Start of Data shown

(* In the setting of the context, suppose that $R=S$ and that $A$ is not abelian. If $v\in C_V(A)$ satisfies $[v\mu,a]-vh_a=0$ for all $a\in A$, then $v=0$.
   Context: Conventions: $G$ acts on $V$ on the right, $[v,g]=-v+vg$; $[X,Y]$ is the subgroup generated by commutators, $[X,Y,Z]=[[X,Y],Z]$; $A^\#=A\setminus\{1\}$. Setting: $G=\langle A,B\rangle$ is an abstract rank one group with unipotent subgroups $A,B$ (distinct nilpotent; for each $a\in A^\#$ some $b(a)\in B^\#$ with $B^a=A^{b(a)}$, and vice versa). $\mu_a=b(a^{-1})ab(a)^{-1}$, $H=\langle\mu_a\mu_c:a,c\in A^\#\rangle$. $V$ is a $\mathbb{Z}G$-module with $[V,A,A,A]=0$, $[V,G,G,G]\neq0$, $[V,G]=V$, $C_V(G)=0$. $A_0=C_A([V,A])\cap C_A(V/C_V(A))\neq1$. Fix $e\in A_0^\#$ (with $e=a^2$ for some $a\in A$ if $V$ has exponent 2 and $A$ is non-abelian), $\mu=\mu_{e^{-1}}$, $h_a=\mu\mu_a$ for $a\in A^\#$, $h_1=0$; $\rho(h)$ = restriction of $h\in H$ to $C_V(A)$, $\rho(h_1)=0$. $R$, $S$ are the subrings of $\mathrm{End}(C_V(A))$ generated by $J=\{\rho(h_a):a\in A_0\}$, resp. by $\rho(H)$. *)

theory Defs
  imports "HOL-Algebra.Algebra"
begin

definition conjset :: "('g, 'b) monoid_scheme \<Rightarrow> 'g set \<Rightarrow> 'g \<Rightarrow> 'g set" where
  "conjset G S g = {monoid.mult G (monoid.mult G (m_inv G g) x) g | x. x \<in> S}"

definition gcomm :: "('g, 'b) monoid_scheme \<Rightarrow> 'g set \<Rightarrow> 'g set \<Rightarrow> 'g set" where
  "gcomm G S T = generate G
     {monoid.mult G (monoid.mult G (monoid.mult G (m_inv G x) (m_inv G y)) x) y | x y. x \<in> S \<and> y \<in> T}"

fun lower_central :: "('g, 'b) monoid_scheme \<Rightarrow> 'g set \<Rightarrow> nat \<Rightarrow> 'g set" where
  "lower_central G S 0 = S"
| "lower_central G S (Suc n) = gcomm G (lower_central G S n) S"

definition nilpotent_subgroup :: "('g, 'b) monoid_scheme \<Rightarrow> 'g set \<Rightarrow> bool" where
  "nilpotent_subgroup G S \<longleftrightarrow> subgroup S G \<and> (\<exists>n. lower_central G S n = {one G})"

definition abelian_set :: "('g, 'b) monoid_scheme \<Rightarrow> 'g set \<Rightarrow> bool" where
  "abelian_set G S \<longleftrightarrow> (\<forall>x\<in>S. \<forall>y\<in>S. monoid.mult G x y = monoid.mult G y x)"

text \<open>Abstract rank one group G = <A,B> with unipotent subgroups A, B;
  bf is the function a \<mapsto> b(a) (B^a = A^{b(a)}).\<close>
definition rank_one_group ::
  "('g, 'b) monoid_scheme \<Rightarrow> 'g set \<Rightarrow> 'g set \<Rightarrow> ('g \<Rightarrow> 'g) \<Rightarrow> bool" where
  "rank_one_group G A B bf \<longleftrightarrow>
     group G \<and> nilpotent_subgroup G A \<and> nilpotent_subgroup G B \<and> A \<noteq> B \<and>
     generate G (A \<union> B) = carrier G \<and>
     (\<forall>a \<in> A - {one G}. bf a \<in> B - {one G} \<and> conjset G B a = conjset G A (bf a)) \<and>
     (\<forall>b \<in> B - {one G}. \<exists>a \<in> A - {one G}. conjset G A b = conjset G B a)"

definition mu_elt :: "('g, 'b) monoid_scheme \<Rightarrow> ('g \<Rightarrow> 'g) \<Rightarrow> 'g \<Rightarrow> 'g" where
  "mu_elt G bf a = monoid.mult G (monoid.mult G (bf (m_inv G a)) a) (m_inv G (bf a))"

definition Hgrp :: "('g, 'b) monoid_scheme \<Rightarrow> 'g set \<Rightarrow> ('g \<Rightarrow> 'g) \<Rightarrow> 'g set" where
  "Hgrp G A bf = generate G {monoid.mult G (mu_elt G bf a) (mu_elt G bf c) | a c.
       a \<in> A - {one G} \<and> c \<in> A - {one G}}"

section \<open>Modules: V is the whole type 'v, G acts on the right via act\<close>

definition right_ZG_module ::
  "('g, 'b) monoid_scheme \<Rightarrow> ('v::ab_group_add \<Rightarrow> 'g \<Rightarrow> 'v) \<Rightarrow> bool" where
  "right_ZG_module G act \<longleftrightarrow>
     (\<forall>v. act v (one G) = v) \<and>
     (\<forall>v. \<forall>g\<in>carrier G. \<forall>h\<in>carrier G. act (act v g) h = act v (monoid.mult G g h)) \<and>
     (\<forall>v w. \<forall>g\<in>carrier G. act (v + w) g = act v g + act w g)"

inductive_set addgen :: "'v::ab_group_add set \<Rightarrow> 'v set" for S where
  zero: "0 \<in> addgen S"
| base: "x \<in> S \<Longrightarrow> x \<in> addgen S"
| diff: "x \<in> addgen S \<Longrightarrow> y \<in> addgen S \<Longrightarrow> x - y \<in> addgen S"

definition mcomm :: "('v::ab_group_add \<Rightarrow> 'g \<Rightarrow> 'v) \<Rightarrow> 'v \<Rightarrow> 'g \<Rightarrow> 'v" where
  "mcomm act v g = - v + act v g"

definition mcommset :: "('v::ab_group_add \<Rightarrow> 'g \<Rightarrow> 'v) \<Rightarrow> 'v set \<Rightarrow> 'g set \<Rightarrow> 'v set" where
  "mcommset act W S = addgen {mcomm act w x | w x. w \<in> W \<and> x \<in> S}"

definition centralizer_V :: "('v \<Rightarrow> 'g \<Rightarrow> 'v) \<Rightarrow> 'g set \<Rightarrow> 'v set" where
  "centralizer_V act S = {v. \<forall>g\<in>S. act v g = v}"

text \<open>A_0 = C_A([V,A]) \<inter> C_A(V/C_V(A))\<close>
definition A0set :: "('v::ab_group_add \<Rightarrow> 'g \<Rightarrow> 'v) \<Rightarrow> 'g set \<Rightarrow> 'g set" where
  "A0set act A = {a \<in> A. (\<forall>w \<in> mcommset act UNIV A. act w a = w) \<and>
                          (\<forall>v. mcomm act v a \<in> centralizer_V act A)}"

text \<open>Endomorphisms of C_V(A) are represented by functions 'v \<Rightarrow> 'v that vanish outside C_V(A).
  rho h = restriction of h to C_V(A).\<close>
definition rho :: "('v::ab_group_add \<Rightarrow> 'g \<Rightarrow> 'v) \<Rightarrow> 'g set \<Rightarrow> 'g \<Rightarrow> ('v \<Rightarrow> 'v)" where
  "rho act A h = (\<lambda>v. if v \<in> centralizer_V act A then act v h else 0)"

inductive_set subring_gen :: "'v::ab_group_add set \<Rightarrow> ('v \<Rightarrow> 'v) set \<Rightarrow> ('v \<Rightarrow> 'v) set"
  for C J where
  one: "(\<lambda>v. if v \<in> C then v else 0) \<in> subring_gen C J"
| base: "f \<in> J \<Longrightarrow> f \<in> subring_gen C J"
| diff: "f \<in> subring_gen C J \<Longrightarrow> g \<in> subring_gen C J \<Longrightarrow> (\<lambda>v. f v - g v) \<in> subring_gen C J"
| comp: "f \<in> subring_gen C J \<Longrightarrow> g \<in> subring_gen C J \<Longrightarrow> (\<lambda>v. g (f v)) \<in> subring_gen C J"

End of Data shown

What is needed = Nothing should appear in the answer except the lines above from the line with "(m_inv G g)" through the line with "text \<open>Abstract rank", both included, written out exactly.

Answer below =
  "conjset G S g = {monoid.mult G (monoid.mult G (m_inv G g) x) g | x. x \<in> S}"

definition gcomm :: "('g, 'b) monoid_scheme \<Rightarrow> 'g set \<Rightarrow> 'g set \<Rightarrow> 'g set" where
  "gcomm G S T = generate G
     {monoid.mult G (monoid.mult G (monoid.mult G (m_inv G x) (m_inv G y)) x) y | x y. x \<in> S \<and> y \<in> T}"

fun lower_central :: "('g, 'b) monoid_scheme \<Rightarrow> 'g set \<Rightarrow> nat \<Rightarrow> 'g set" where
  "lower_central G S 0 = S"
| "lower_central G S (Suc n) = gcomm G (lower_central G S n) S"

definition nilpotent_subgroup :: "('g, 'b) monoid_scheme \<Rightarrow> 'g set \<Rightarrow> bool" where
  "nilpotent_subgroup G S \<longleftrightarrow> subgroup S G \<and> (\<exists>n. lower_central G S n = {one G})"

definition abelian_set :: "('g, 'b) monoid_scheme \<Rightarrow> 'g set \<Rightarrow> bool" where
  "abelian_set G S \<longleftrightarrow> (\<forall>x\<in>S. \<forall>y\<in>S. monoid.mult G x y = monoid.mult G y x)"

text \<open>Abstract rank one group G = <A,B> with unipotent subgroups A, B;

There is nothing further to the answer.